- INPUT RECORDS:
+++

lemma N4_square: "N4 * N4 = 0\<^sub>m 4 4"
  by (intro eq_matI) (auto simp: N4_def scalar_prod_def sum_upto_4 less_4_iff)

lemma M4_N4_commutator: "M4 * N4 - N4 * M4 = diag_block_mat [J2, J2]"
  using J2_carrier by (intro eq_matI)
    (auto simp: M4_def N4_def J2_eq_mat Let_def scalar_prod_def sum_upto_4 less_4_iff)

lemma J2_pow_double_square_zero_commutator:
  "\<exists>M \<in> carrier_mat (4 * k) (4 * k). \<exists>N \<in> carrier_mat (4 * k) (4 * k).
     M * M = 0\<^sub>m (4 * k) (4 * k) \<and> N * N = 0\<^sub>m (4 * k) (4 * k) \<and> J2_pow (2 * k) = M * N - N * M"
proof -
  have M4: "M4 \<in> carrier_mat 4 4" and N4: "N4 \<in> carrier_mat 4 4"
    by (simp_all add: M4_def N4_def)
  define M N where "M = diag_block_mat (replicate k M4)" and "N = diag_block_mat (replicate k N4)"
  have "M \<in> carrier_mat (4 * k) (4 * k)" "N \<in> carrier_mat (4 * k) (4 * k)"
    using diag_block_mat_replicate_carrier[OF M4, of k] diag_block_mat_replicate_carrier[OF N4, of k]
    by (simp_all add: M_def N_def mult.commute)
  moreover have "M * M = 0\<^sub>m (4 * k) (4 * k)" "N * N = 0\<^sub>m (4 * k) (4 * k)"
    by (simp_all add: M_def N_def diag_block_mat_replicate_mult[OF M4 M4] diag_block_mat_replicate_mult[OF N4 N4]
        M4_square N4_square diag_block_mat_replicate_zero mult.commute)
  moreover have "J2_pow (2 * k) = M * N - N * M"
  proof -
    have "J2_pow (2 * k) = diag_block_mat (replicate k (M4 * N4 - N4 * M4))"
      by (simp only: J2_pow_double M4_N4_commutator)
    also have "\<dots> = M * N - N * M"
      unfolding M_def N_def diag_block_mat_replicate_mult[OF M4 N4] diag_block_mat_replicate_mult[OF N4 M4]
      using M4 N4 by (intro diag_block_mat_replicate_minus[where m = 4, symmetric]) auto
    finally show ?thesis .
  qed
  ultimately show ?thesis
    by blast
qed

+++

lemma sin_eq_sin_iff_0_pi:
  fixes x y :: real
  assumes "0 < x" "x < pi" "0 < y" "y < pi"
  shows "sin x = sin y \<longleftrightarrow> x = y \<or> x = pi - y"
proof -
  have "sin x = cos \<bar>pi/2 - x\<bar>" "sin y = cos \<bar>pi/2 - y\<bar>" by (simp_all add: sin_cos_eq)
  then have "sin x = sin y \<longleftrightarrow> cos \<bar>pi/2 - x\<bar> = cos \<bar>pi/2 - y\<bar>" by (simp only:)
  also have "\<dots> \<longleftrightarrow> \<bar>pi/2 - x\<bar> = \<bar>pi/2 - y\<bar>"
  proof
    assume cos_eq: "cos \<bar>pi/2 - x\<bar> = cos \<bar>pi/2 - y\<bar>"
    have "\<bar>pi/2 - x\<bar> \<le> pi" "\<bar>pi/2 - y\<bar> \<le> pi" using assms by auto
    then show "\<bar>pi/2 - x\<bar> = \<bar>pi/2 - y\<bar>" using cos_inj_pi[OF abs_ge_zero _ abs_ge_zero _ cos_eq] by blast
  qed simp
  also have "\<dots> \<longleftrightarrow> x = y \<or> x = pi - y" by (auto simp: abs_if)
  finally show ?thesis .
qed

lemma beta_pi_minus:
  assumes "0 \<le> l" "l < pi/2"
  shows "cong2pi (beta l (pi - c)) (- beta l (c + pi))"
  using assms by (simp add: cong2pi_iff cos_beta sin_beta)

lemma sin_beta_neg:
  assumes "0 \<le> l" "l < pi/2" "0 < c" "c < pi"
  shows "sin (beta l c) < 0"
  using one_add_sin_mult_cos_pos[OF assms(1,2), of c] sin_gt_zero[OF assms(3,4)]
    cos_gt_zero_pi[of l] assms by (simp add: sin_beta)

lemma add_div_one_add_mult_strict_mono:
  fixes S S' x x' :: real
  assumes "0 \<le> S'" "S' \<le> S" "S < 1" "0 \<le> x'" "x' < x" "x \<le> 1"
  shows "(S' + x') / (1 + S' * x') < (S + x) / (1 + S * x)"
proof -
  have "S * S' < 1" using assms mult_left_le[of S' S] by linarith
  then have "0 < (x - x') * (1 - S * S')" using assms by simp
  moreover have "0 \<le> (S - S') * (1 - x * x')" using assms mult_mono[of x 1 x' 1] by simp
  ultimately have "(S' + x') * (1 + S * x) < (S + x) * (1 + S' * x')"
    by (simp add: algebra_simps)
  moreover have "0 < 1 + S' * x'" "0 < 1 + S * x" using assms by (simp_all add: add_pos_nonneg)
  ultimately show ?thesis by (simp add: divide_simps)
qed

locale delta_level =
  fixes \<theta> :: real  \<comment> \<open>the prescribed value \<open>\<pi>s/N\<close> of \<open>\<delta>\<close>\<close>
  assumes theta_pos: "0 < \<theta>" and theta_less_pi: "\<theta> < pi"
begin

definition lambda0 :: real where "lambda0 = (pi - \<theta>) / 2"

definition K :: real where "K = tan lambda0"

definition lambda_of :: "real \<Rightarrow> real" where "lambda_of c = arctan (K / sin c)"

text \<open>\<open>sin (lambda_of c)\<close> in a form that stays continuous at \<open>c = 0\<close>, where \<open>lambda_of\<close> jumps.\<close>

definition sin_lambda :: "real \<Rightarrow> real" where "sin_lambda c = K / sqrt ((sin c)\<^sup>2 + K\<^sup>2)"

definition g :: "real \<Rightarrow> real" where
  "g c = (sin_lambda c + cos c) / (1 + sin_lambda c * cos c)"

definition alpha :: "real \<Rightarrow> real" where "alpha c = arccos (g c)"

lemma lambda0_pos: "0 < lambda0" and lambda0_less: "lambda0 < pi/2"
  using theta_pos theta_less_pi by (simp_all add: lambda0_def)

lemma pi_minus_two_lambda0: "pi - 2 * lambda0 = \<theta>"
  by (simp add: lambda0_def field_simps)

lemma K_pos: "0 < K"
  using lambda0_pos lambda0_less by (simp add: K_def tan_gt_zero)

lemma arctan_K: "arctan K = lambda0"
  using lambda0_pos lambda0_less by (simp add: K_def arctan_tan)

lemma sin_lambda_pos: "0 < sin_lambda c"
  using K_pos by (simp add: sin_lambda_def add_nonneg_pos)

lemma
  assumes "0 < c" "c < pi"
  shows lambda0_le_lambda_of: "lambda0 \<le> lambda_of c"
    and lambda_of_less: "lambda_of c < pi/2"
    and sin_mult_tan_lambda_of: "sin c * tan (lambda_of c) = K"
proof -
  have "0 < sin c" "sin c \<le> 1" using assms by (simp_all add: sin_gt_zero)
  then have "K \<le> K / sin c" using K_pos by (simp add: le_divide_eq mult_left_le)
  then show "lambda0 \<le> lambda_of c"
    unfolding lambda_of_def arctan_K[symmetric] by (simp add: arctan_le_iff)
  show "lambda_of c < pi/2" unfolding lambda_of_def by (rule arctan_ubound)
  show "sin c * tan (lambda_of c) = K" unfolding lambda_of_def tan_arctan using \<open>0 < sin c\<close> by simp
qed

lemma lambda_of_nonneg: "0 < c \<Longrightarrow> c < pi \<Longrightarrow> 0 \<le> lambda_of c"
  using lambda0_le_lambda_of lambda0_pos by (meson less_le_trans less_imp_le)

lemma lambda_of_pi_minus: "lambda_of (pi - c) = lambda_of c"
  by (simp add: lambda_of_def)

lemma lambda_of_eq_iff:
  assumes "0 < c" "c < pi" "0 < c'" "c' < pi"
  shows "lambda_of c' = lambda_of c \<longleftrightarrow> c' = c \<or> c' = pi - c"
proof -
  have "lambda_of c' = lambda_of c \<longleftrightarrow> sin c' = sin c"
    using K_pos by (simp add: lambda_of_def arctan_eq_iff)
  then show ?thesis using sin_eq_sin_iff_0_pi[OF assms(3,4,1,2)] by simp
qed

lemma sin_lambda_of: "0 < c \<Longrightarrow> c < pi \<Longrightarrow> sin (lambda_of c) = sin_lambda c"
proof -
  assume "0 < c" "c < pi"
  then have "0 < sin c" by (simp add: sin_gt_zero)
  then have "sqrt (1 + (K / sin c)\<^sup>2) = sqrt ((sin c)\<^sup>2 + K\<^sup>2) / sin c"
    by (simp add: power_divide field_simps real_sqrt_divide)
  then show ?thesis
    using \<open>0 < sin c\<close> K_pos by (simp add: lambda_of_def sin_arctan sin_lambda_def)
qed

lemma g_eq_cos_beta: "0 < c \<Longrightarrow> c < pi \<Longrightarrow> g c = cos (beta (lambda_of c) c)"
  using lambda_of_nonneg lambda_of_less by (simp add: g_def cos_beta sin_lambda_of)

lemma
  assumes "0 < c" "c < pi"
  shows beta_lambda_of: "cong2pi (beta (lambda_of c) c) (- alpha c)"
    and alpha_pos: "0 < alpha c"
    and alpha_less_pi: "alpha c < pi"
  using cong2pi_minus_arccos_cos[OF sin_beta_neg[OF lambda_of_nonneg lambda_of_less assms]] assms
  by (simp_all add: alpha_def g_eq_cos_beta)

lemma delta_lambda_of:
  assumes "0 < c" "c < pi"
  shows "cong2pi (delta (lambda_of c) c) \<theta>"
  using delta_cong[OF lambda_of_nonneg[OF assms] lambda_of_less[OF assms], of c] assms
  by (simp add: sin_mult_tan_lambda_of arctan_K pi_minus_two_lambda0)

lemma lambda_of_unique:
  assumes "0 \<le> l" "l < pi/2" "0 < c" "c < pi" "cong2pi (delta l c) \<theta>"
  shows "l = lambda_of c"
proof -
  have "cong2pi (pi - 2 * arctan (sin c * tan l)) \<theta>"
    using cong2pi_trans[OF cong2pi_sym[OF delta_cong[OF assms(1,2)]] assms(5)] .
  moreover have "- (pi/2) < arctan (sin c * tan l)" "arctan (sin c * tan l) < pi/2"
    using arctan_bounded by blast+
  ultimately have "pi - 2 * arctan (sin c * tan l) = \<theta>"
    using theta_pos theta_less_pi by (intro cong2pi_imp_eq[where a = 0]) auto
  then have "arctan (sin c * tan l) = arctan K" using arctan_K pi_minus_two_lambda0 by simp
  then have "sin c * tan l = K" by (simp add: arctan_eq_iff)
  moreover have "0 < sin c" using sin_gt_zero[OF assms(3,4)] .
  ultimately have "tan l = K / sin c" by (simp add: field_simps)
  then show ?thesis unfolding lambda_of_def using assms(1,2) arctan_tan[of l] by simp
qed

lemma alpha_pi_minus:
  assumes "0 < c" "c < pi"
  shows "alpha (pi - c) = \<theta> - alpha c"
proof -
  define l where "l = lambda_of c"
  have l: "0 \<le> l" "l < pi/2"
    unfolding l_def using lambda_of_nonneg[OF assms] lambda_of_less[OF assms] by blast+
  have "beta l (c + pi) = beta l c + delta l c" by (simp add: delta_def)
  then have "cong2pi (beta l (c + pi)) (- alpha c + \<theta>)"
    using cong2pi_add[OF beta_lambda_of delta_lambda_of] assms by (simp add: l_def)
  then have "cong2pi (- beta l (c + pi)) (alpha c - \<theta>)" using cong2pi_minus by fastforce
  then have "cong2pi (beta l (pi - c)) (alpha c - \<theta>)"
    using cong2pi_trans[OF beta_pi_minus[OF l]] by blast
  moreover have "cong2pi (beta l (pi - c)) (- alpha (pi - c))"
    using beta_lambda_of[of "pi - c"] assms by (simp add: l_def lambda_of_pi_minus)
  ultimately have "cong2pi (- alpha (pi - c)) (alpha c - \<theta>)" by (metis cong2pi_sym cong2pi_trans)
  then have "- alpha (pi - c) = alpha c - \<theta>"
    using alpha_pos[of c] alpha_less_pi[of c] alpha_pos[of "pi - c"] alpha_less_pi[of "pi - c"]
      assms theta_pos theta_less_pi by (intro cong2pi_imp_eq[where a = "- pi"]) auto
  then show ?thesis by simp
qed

+++

- PROBLEM TO WORK ON: Reproduce, character for character, only the lines of the preceding data that start at the line with "c) (- alpha" and end at the line with "by (simp_all add: alpha_def g_eq_cos_beta)", both included.

- WRITTEN RESPONSE:
  shows beta_lambda_of: "cong2pi (beta (lambda_of c) c) (- alpha c)"
    and alpha_pos: "0 < alpha c"
    and alpha_less_pi: "alpha c < pi"
  using cong2pi_minus_arccos_cos[OF sin_beta_neg[OF lambda_of_nonneg lambda_of_less assms]] assms
  by (simp_all add: alpha_def g_eq_cos_beta)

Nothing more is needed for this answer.